'Doping? De Russen vinden zelf dat ze genoeg doen'
Over minder dan tien maanden beginnen de Winterspelen in het Zuid-Koreaanse Pyeongchang. Mogelijk zonder een afvaardiging uit Rusland, doorgaans toch één van de landen met de grootste medailleoogst. Reden? Doping.
Het door de staat geregisseerde dopingprogramma suddert nog na. De Russische sportwereld ligt onder een vergrootglas. Er moet bewijs komen dat het er nu anders aan toegaat. "De Russen zelf vinden dat ze genoeg doen", stelt correspondent David-Jan Godfroid.
Toch is men er niet gerust op. "Of de Russen bang zijn? Ja en nee. De spanning ligt er aan de ene kant wel bovenop. Aan de andere kant: de Russen zeggen dat ze ook niet volledig werden uitgesloten voor de Spelen in Rio. Dat was alleen de atletiekploeg."
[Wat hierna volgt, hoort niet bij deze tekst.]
lemma rel_ent_self: "rel_ent n f f = 0"
proof -
  have "(\<lambda>xs. f xs * ln (f xs / f xs)) = (\<lambda>_. 0)" by (rule ext) (cases "f xs = 0", auto)
  then show ?thesis unfolding rel_ent_def by simp
qed

lemma mesh_limit_zero:
  assumes "\<And>n ts. is_partition ta tb n ts \<Longrightarrow> F n ts = 0"
  shows "mesh_limit ta tb F 0"
  unfolding mesh_limit_def using assms by auto

section \<open>Integrals over Euclidean space\<close>

lemma integrable_continuous_compact_support:
  fixes h :: "'a::euclidean_space \<Rightarrow> real"
  assumes "continuous_on UNIV h" "compact K" "\<And>x. x \<notin> K \<Longrightarrow> h x = 0"
  shows "integrable lborel h"
proof -
  have "integrable lborel (\<lambda>x. indicator K x *\<^sub>R h x)"
    using borel_integrable_compact[OF assms(2) continuous_on_subset[OF assms(1)]] by simp
  moreover have "(\<lambda>x. indicator K x *\<^sub>R h x) = h"
    using assms(3) by (intro ext) (auto simp: indicator_def)
  ultimately show ?thesis by simp
qed

lemma integrable_continuous_dominated:
  fixes f g :: "'a::euclidean_space \<Rightarrow> real"
  assumes "integrable lborel g" "continuous_on UNIV f" "\<And>x. \<bar>f x\<bar> \<le> g x"
  shows "integrable lborel f"
proof (rule Bochner_Integration.integrable_bound[OF assms(1)])
  show "f \<in> borel_measurable lborel"
    using borel_measurable_continuous_onI[OF assms(2)] by simp
  show "AE x in lborel. norm (f x) \<le> norm (g x)"
    using assms(3) by (auto intro!: AE_I2 order_trans[OF _ abs_ge_self])
qed

lemma
  fixes f :: "'a::euclidean_space \<Rightarrow> real"
  assumes "f \<in> borel_measurable borel"
  shows integrable_lborel_translate: "integrable lborel (\<lambda>x. f (x + c)) \<longleftrightarrow> integrable lborel f"
    and integral_lborel_translate: "(\<integral>x. f (x + c) \<partial>lborel) = integral\<^sup>L lborel f"
proof -
  have m: "(+) c \<in> lborel \<rightarrow>\<^sub>M borel" by simp
  show "integrable lborel (\<lambda>x. f (x + c)) \<longleftrightarrow> integrable lborel f"
    using integrable_distr_eq[OF m assms] by (simp add: lborel_distr_plus add.commute)
  show "(\<integral>x. f (x + c) \<partial>lborel) = integral\<^sup>L lborel f"
    using integral_distr[OF m assms] by (simp add: lborel_distr_plus add.commute)
qed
De buitenwereld is sceptisch. Eén bewijs dat de Russen nu 'schoner' zouden sporten, zou kunnen worden geleverd middels een blik op de resultaten van de sporters de afgelopen jaren. Is er een afname qua prestaties? Nee, niet echt.
Godfroid: "In sommige traditionele wintersporten waar Rusland sterk in is, biatlon en kunstschaatsen bijvoorbeeld, vielen de prestaties wel wat tegen de afgelopen tijd. Maar de grote toernooien moeten nog komen. Dus het moet nog duidelijk worden of die lijn zich doorzet."
'Wat moeten we nog meer doen?'
"Kijk, ze ontkennen natuurlijk ten stelligste dat er sprake is geweest van een door de staat geregisseerd dopingprogramma. Ze zeggen wel: niet alles klopte, maar daar zijn we hard mee aan het werk. Volgens de IAAF, de internationale atletiekfederatie, is dat echter niet genoeg. Ze zitten zich nu achter het hoofd te krabben: wat moeten we nog meer doen?"